When we were first together, my husband would get irritated with me when I asked, “What are you thinking?” He replied, “nothing,” every time. He didn’t get irritated with the question, but my reaction to his response.
“What do you mean you are thinking of nothing? Can you even do that?” My mind never shuts down, much like my talking. I am constantly thinking, debating, questioning, answering, wondering, learning, negating. Always on. Always thinking. The concept of thinking about nothing doesn’t exist in my world. Change had to happen. I had to learn to think of nothing, to work on ‘not thinking.’

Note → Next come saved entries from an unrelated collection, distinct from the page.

inductive ipc :: "pf \<Rightarrow> bool" where
  i1: "ipc (PImp A (PImp B A))"
| i2: "ipc (PImp (PImp A B) (PImp (PImp A (PImp B C)) (PImp A C)))"
| i3: "ipc (PImp A (PImp B (PConj A B)))"
| i4: "ipc (PImp (PConj A B) A)"
| i5: "ipc (PImp (PConj A B) B)"
| i6: "ipc (PImp A (PDisj A B))"
| i7: "ipc (PImp B (PDisj A B))"
| i8: "ipc (PImp (PImp A C) (PImp (PImp B C) (PImp (PDisj A B) C)))"
| i9: "ipc (PImp (PImp A B) (PImp (PImp A (PNeg B)) (PNeg A)))"
| i10: "ipc (PImp (PNeg A) (PImp A B))"
| mp: "ipc (PImp A B) \<Longrightarrow> ipc A \<Longrightarrow> ipc B"

primrec peval :: "(nat \<Rightarrow> bool) \<Rightarrow> pf \<Rightarrow> bool" where
  "peval v (PV n) = v n"
| "peval v (PNeg A) = (\<not> peval v A)"
| "peval v (PConj A B) = (peval v A \<and> peval v B)"
| "peval v (PDisj A B) = (peval v A \<or> peval v B)"
| "peval v (PImp A B) = (peval v A \<longrightarrow> peval v B)"

definition cpc :: "pf \<Rightarrow> bool" where
  "cpc A \<longleftrightarrow> (\<forall>v. peval v A)"

primrec psubP :: "(nat \<Rightarrow> pf) \<Rightarrow> pf \<Rightarrow> pf" where
  "psubP s (PV n) = s n"
| "psubP s (PNeg A) = PNeg (psubP s A)"
| "psubP s (PConj A B) = PConj (psubP s A) (psubP s B)"
| "psubP s (PDisj A B) = PDisj (psubP s A) (psubP s B)"
| "psubP s (PImp A B) = PImp (psubP s A) (psubP s B)"

definition intermediate_prop :: "pf set \<Rightarrow> bool" where
  "intermediate_prop L \<longleftrightarrow>
     {A. ipc A} \<subseteq> L \<and> L \<subseteq> {A. cpc A} \<and>
     (\<forall>A B. PImp A B \<in> L \<longrightarrow> A \<in> L \<longrightarrow> B \<in> L) \<and>
     (\<forall>s A. A \<in> L \<longrightarrow> psubP s A \<in> L)"

section \<open>First-order formulas with epsilon/tau terms (locally nameless)\<close>

text \<open>Free variables are names Fr n; bound variables are de Bruijn indices Bd i.
  Eps A and Tau A bind index 0 in A, as do All A and Ex A. Terms are thus
  identified up to renaming of bound variables automatically.\<close>

datatype ('f,'p) trm = Fr nat | Bd nat | Fn 'f "('f,'p) trm list"
  | Eps "('f,'p) fm" | Tau "('f,'p) fm"
and ('f,'p) fm = Atom 'p "('f,'p) trm list" | Neg "('f,'p) fm"
  | Conj "('f,'p) fm" "('f,'p) fm" | Disj "('f,'p) fm" "('f,'p) fm"
  | Imp "('f,'p) fm" "('f,'p) fm" | All "('f,'p) fm" | Ex "('f,'p) fm"

primrec liftT :: "nat \<Rightarrow> nat \<Rightarrow> ('f,'p) trm \<Rightarrow> ('f,'p) trm"
  and liftF :: "nat \<Rightarrow> nat \<Rightarrow> ('f,'p) fm \<Rightarrow> ('f,'p) fm" where
  "liftT c n (Fr x) = Fr x"
| "liftT c n (Bd i) = (if c \<le> i then Bd (i + n) else Bd i)"
| "liftT c n (Fn f ts) = Fn f (map (liftT c n) ts)"
| "liftT c n (Eps A) = Eps (liftF (Suc c) n A)"
| "liftT c n (Tau A) = Tau (liftF (Suc c) n A)"
| "liftF c n (Atom P ts) = Atom P (map (liftT c n) ts)"
| "liftF c n (Neg A) = Neg (liftF c n A)"
| "liftF c n (Conj A B) = Conj (liftF c n A) (liftF c n B)"
| "liftF c n (Disj A B) = Disj (liftF c n A) (liftF c n B)"
| "liftF c n (Imp A B) = Imp (liftF c n A) (liftF c n B)"
| "liftF c n (All A) = All (liftF (Suc c) n A)"
| "liftF c n (Ex A) = Ex (liftF (Suc c) n A)"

“He says, “Be still, and know that I am God; I will be exalted among the nations, I will be exalted in the earth,” (Psalm 46:10). In Psalm 46, we read about the power and security of God. The Psalmist is living in a time of Pagan war and reminding all of the almighty God who is in control.
Being still took work for me. Ironic, I was thinking about not thinking. I knew I had to learn to be still in my thoughts. I read about meditation, and some strange concepts on enlightenment, not the still God wanted. It would take discipline and new habits to be still in my spirit so I could hear God speak. Each of us may execute this differently.
I closed my eyes and called his name. Jesus. Each time a thought of something would peek through I would say his name. Jesus. I set a timer for five minutes to sit in his presence. Jesus. It took practice, but over time I learned to be still. The more disciplined I became, the easier it was to be still amongst the chaos of driving, travelling, people around me, noise. Jesus. As you know I am a slow learner of discipline; I have to remind myself each day to focus on being still. A scheduled discipline becomes a spiritual blessing.
When our thoughts are stilled and surrendered to God, we find peace. Even though the earth gives way, the mountains fall into the sea, nations are in uproar and kingdoms fall the Lord Almighty is with us.
What is a Christian discipline you use to draw closer to God?
How do you depend on God alone?
When can we trust more in the faithfulness of God?